ASSIGNMENT: Extract from the entries below, exactly as given, only the lines from the line containing "using nonneg by" to the line containing "(f n)) = ennreal", both lines included.

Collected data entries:
text \<open>
  Write e_k(n) (esym_recip k n) for the k-th elementary symmetric function of
  1, 1/2, ..., 1/n, so that zeta(s, {1}_k) = sum_n e_k(n) / (n+1)^s and
  sum_k x^k e_k(n) = prod_{j<=n} (1 + x/j), which equals binomial(2n+1, n) at x = n + 1.
  Hence the n-th term of sum_{k<=h} zeta(m-k, {1}_k) is binomial(2n+1, n) / (n+1)^m when
  n <= h, and at most (n+1)^(h+1-m) in general; if 2h + 2 <= m, the terms with n >= K add up
  to O((K+1)^-m). The duality zeta(p+2, {1}_q) = zeta(q+2, {1}_p), proved with the connected
  sums of Seki and Yamamoto, folds the upper half of the range 0 <= k <= m-2 onto the lower
  half, so the whole sum is twice such a block sum up to O((K+1)^-m); finally
  binomial(2j, j) = 2 binomial(2j-1, j-1).
\<close>

definition esym_recip :: "nat \<Rightarrow> nat \<Rightarrow> real" where
  "esym_recip k N = mzv_trunc (replicate k 1) N"

lemma esym_recip_0 [simp]: "esym_recip 0 N = 1"
  by (simp add: esym_recip_def)

lemma esym_recip_Suc: "esym_recip (Suc k) N = (\<Sum>n = 1..N. esym_recip k (n - 1) / real n)"
  by (simp add: esym_recip_def)

lemma esym_recip_nonneg: "esym_recip k N \<ge> 0"
  by (induction k arbitrary: N) (auto simp: esym_recip_Suc intro!: sum_nonneg)

lemma esym_recip_Suc_Suc:
  "esym_recip (Suc k) (Suc N) = esym_recip (Suc k) N + esym_recip k N / real (Suc N)"
  by (simp add: esym_recip_Suc)

lemma esym_recip_eq_0: "N < k \<Longrightarrow> esym_recip k N = 0"
proof (induction N arbitrary: k)
  case 0
  then show ?case by (cases k) (auto simp: esym_recip_Suc)
next
  case (Suc N)
  then obtain k' where "k = Suc k'" by (cases k) auto
  with Suc show ?case by (simp add: esym_recip_Suc_Suc)
qed

lemma esym_recip_generating_function:
  "N \<le> h \<Longrightarrow> (\<Sum>k\<le>h. x ^ k * esym_recip k N) = (\<Prod>j = 1..N. 1 + x / real j)"
proof (induction N arbitrary: h)
  case 0
  have "(\<Sum>k\<le>h. x ^ k * esym_recip k 0) = (\<Sum>k\<le>h. if k = 0 then 1 else 0)"
    by (intro sum.cong) (auto simp: esym_recip_eq_0)
  then show ?case by simp
next
  case (Suc N)
  then obtain h' where h: "h = Suc h'" and "N \<le> h'" by (cases h) auto
  have "(\<Sum>k\<le>h. x ^ k * esym_recip k (Suc N))
      = 1 + (\<Sum>k\<le>h'. x ^ Suc k * esym_recip (Suc k) N)
          + x / real (Suc N) * (\<Sum>k\<le>h'. x ^ k * esym_recip k N)"
    unfolding h sum.atMost_Suc_shift
    by (simp add: esym_recip_Suc_Suc algebra_simps sum.distrib sum_distrib_left)
  also have "1 + (\<Sum>k\<le>h'. x ^ Suc k * esym_recip (Suc k) N) = (\<Sum>k\<le>h. x ^ k * esym_recip k N)"
    unfolding h sum.atMost_Suc_shift by simp
  finally show ?case
    using Suc.IH[of h] Suc.IH[of h'] \<open>N \<le> h'\<close> h
    by (simp add: prod.nat_ivl_Suc' algebra_simps)
qed

lemma esym_recip_weighted_sum_le:
  assumes "x \<ge> 0"
  shows "(\<Sum>k\<le>h. x ^ k * esym_recip k N) \<le> (\<Prod>j = 1..N. 1 + x / real j)"
proof -
  have "(\<Sum>k\<le>h. x ^ k * esym_recip k N) \<le> (\<Sum>k\<le>max h N. x ^ k * esym_recip k N)"
    using assms by (intro sum_mono2) (auto simp: esym_recip_nonneg)
  also have "\<dots> = (\<Prod>j = 1..N. 1 + x / real j)"
    by (rule esym_recip_generating_function) simp
  finally show ?thesis .
qed

lemma prod_one_plus_of_nat_divide:
  "(\<Prod>j = 1..N. 1 + real c / real j) = real ((N + c) choose N)"
proof (induction N)
  case (Suc N)
  have "Suc N * ((Suc N + c) choose Suc N) = (Suc N + c) * ((N + c) choose N)"
    using binomial_absorption[of N "Suc N + c"] by simp
  then have "real ((Suc N + c) choose Suc N) = (1 + real c / real (Suc N)) * real ((N + c) choose N)"
    by (simp add: field_simps flip: of_nat_mult del: binomial_Suc_Suc)
  moreover have "(\<Prod>j = 1..Suc N. 1 + real c / real j)
      = (1 + real c / real (Suc N)) * (\<Prod>j = 1..N. 1 + real c / real j)"
    by (rule prod.nat_ivl_Suc') simp
  ultimately show ?case
    by (simp only: Suc.IH)
qed simp

lemma sum_esym_recip_le: "(\<Sum>k\<le>h. esym_recip k N) \<le> real (Suc N)"
  using esym_recip_weighted_sum_le[where x=1 and h=h and N=N]
    prod_one_plus_of_nat_divide[where N=N and c=1]
  by simp

lemma esym_recip_le: "esym_recip k N \<le> real (Suc N)"
  using member_le_sum[of k "{..k}" "\<lambda>k. esym_recip k N"] sum_esym_recip_le[where h=k and N=N]
  by (simp add: esym_recip_nonneg)

lemma mzv_replicate_one: "mzv (s # replicate q 1) = (\<Sum>n. esym_recip q n / real (Suc n) ^ s)"
  by (simp add: esym_recip_def)

lemma summable_inverse_Suc_squared: "summable (\<lambda>n. 1 / real (Suc n) ^ 2)"
proof -
  have "summable (\<lambda>n. inverse (real n ^ 2))"
    by (rule inverse_power_summable) simp
  then show ?thesis
    by (subst (asm) summable_Suc_iff[symmetric]) (simp add: inverse_eq_divide)
qed

lemma summable_mzv_replicate_one:
  assumes "s \<ge> 3"
  shows "summable (\<lambda>n. esym_recip q n / real (Suc n) ^ s)"
proof (rule summable_comparison_test'[OF summable_inverse_Suc_squared])
  fix n
  have "esym_recip q n / real (Suc n) ^ s \<le> real (Suc n) / real (Suc n) ^ s"
    using esym_recip_le by (intro divide_right_mono) auto
  also have "\<dots> = 1 / real (Suc n) ^ (s - 1)"
    using assms by (cases s) auto
  also have "\<dots> \<le> 1 / real (Suc n) ^ 2"
    using assms by (intro divide_left_mono power_increasing) auto
  finally show "norm (esym_recip q n / real (Suc n) ^ s) \<le> 1 / real (Suc n) ^ 2"
    by (simp add: esym_recip_nonneg)
qed

lemma suminf_ennreal_swap: "(\<Sum>i. \<Sum>j. f i j :: ennreal) = (\<Sum>j. \<Sum>i. f i j)"
proof -
  have inc: "incseq (\<lambda>m. \<Sum>j<m. g j :: ennreal)" for g
    by (intro monoI sum_mono2) auto
  have "(\<Sum>i. \<Sum>j. f i j) = (SUP n. \<Sum>i<n. SUP m. \<Sum>j<m. f i j)"
    by (simp add: suminf_eq_SUP)
  also have "\<dots> = (SUP n. SUP m. \<Sum>i<n. \<Sum>j<m. f i j)"
    by (subst ennreal_SUP_sum) (auto intro: inc)
  also have "\<dots> = (SUP m. SUP n. \<Sum>j<m. \<Sum>i<n. f i j)"
    by (subst SUP_commute) (intro SUP_cong refl sum.swap)
  also have "\<dots> = (SUP m. \<Sum>j<m. SUP n. \<Sum>i<n. f i j)"
    by (subst ennreal_SUP_sum) (auto intro: inc)
  also have "\<dots> = (\<Sum>j. \<Sum>i. f i j)"
    by (simp add: suminf_eq_SUP)
  finally show ?thesis .
qed

lemma suminf_ennreal_cmult_real:
  "c \<ge> 0 \<Longrightarrow> (\<And>N. f N \<ge> 0) \<Longrightarrow>
    (\<Sum>N. ennreal (c * f N)) = ennreal c * (\<Sum>N. ennreal (f N))"
  by (simp add: ennreal_mult)

lemma suminf_ennreal_tail_swap:
  assumes tail: "\<And>N. (\<lambda>N'. if N < N' then y N' else 0) sums z N"
    and nonneg: "\<And>N. x N \<ge> 0" "\<And>N. y N \<ge> 0"
  shows "(\<Sum>N. ennreal (x N * z N)) = (\<Sum>N'. ennreal (y N' * (\<Sum>N<N'. x N)))"
proof -
  have "(\<Sum>N. ennreal (x N * z N)) = (\<Sum>N. \<Sum>N'. ennreal (if N < N' then x N * y N' else 0))"
  proof (intro suminf_cong)
    fix N
    have "(\<lambda>N'. x N * (if N < N' then y N' else 0)) sums (x N * z N)"
      by (rule sums_mult[OF tail])
    moreover have "(\<lambda>N'. x N * (if N < N' then y N' else 0)) = (\<lambda>N'. if N < N' then x N * y N' else 0)"
      by auto
    ultimately show "ennreal (x N * z N) = (\<Sum>N'. ennreal (if N < N' then x N * y N' else 0))"
      by (intro suminf_ennreal_eq[symmetric]) (simp_all add: nonneg)
  qed
  also have "\<dots> = (\<Sum>N'. \<Sum>N. ennreal (if N < N' then x N * y N' else 0))"
    by (rule suminf_ennreal_swap)
  also have "\<dots> = (\<Sum>N'. ennreal (y N' * (\<Sum>N<N'. x N)))"
  proof (intro suminf_cong)
    fix N'
    have "(\<Sum>N. ennreal (if N < N' then x N * y N' else 0)) = (\<Sum>N<N'. ennreal (x N * y N'))"
      by (subst suminf_finite[of "{..<N'}"]) auto
    also have "\<dots> = ennreal (y N' * (\<Sum>N<N'. x N))"
      using nonneg by (simp add: sum_distrib_left mult.commute)
    finally show "(\<Sum>N. ennreal (if N < N' then x N * y N' else 0))
        = ennreal (y N' * (\<Sum>N<N'. x N))" .
  qed
  finally show ?thesis .
qed

lemma suminf_eq_if_ennreal_suminf_eq:
  fixes f g :: "nat \<Rightarrow> real"
  assumes "\<And>n. f n \<ge> 0" "\<And>n. g n \<ge> 0" "summable g"
    and "(\<Sum>n. ennreal (f n)) = (\<Sum>n. ennreal (g n))"
  shows "suminf f = suminf g"
proof -
  have "(\<Sum>n. ennreal (f n)) = ennreal (suminf g)"
    using assms by (simp add: suminf_ennreal2)
  then have "summable f"
    using assms(1) summable_suminf_not_top by fastforce
  then show ?thesis
    using assms by (simp add: suminf_ennreal2 suminf_nonneg)
qed

definition connector :: "nat \<Rightarrow> nat \<Rightarrow> real" where
  "connector M N = fact M * fact N / fact (M + N)"

lemma connector_nonneg: "connector M N \<ge> 0"
  by (simp add: connector_def)

lemma connector_commute: "connector M N = connector N M"
  by (simp add: connector_def add.commute mult.commute)

lemma connector_Suc_right:
  "connector M (Suc N) = connector M N * real (Suc N) / real (M + Suc N)"
  by (simp add: connector_def field_simps)

lemma connector_le: "M \<ge> 1 \<Longrightarrow> connector M N \<le> 1 / real (Suc N)"
proof (induction N)
  case (Suc N)
  have "connector M (Suc N) \<le> 1 / real (Suc N) * real (Suc N) / real (M + Suc N)"
    unfolding connector_Suc_right using Suc by (intro divide_right_mono mult_right_mono) auto
  also have "\<dots> \<le> 1 / real (Suc (Suc N))"
    using Suc.prems by (simp add: frac_le)
  finally show ?case .
qed (simp add: connector_def)

lemma connector_tendsto_0:
  assumes "M \<ge> 1"
  shows "connector M \<longlonglongrightarrow> 0"
proof (rule tendsto_sandwich[where f="\<lambda>_. 0" and h="\<lambda>N. 1 / real (Suc N)"])
  show "(\<lambda>N. 1 / real (Suc N)) \<longlonglongrightarrow> 0"
    using LIMSEQ_Suc[OF lim_const_over_n[of 1]] by simp
  show "\<forall>\<^sub>F N in sequentially. connector M N \<le> 1 / real (Suc N)"
    using connector_le[OF assms] by simp
qed (simp_all add: connector_nonneg)

lemma connector_diff:
  "connector M N - connector M (Suc N) = real M * connector M (Suc N) / real (Suc N)"
proof -
  have nz: "real M + real (Suc N) \<noteq> 0"
    by simp
  have "connector M N - connector M (Suc N) = connector M N * real M / (real M + real (Suc N))"
    unfolding connector_Suc_right of_nat_add using nz by (simp add: field_simps del: of_nat_Suc)
  also have "\<dots> = real M * connector M (Suc N) / real (Suc N)"
    unfolding connector_Suc_right of_nat_add by (simp del: of_nat_Suc)
  finally show ?thesis .
qed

TASK OUTPUT:
      using nonneg by (simp add: sum_distrib_left mult.commute)
    finally show "(\<Sum>N. ennreal (if N < N' then x N * y N' else 0))
        = ennreal (y N' * (\<Sum>N<N'. x N))" .
  qed
  finally show ?thesis .
qed

lemma suminf_eq_if_ennreal_suminf_eq:
  fixes f g :: "nat \<Rightarrow> real"
  assumes "\<And>n. f n \<ge> 0" "\<And>n. g n \<ge> 0" "summable g"
    and "(\<Sum>n. ennreal (f n)) = (\<Sum>n. ennreal (g n))"
  shows "suminf f = suminf g"
proof -
  have "(\<Sum>n. ennreal (f n)) = ennreal (suminf g)"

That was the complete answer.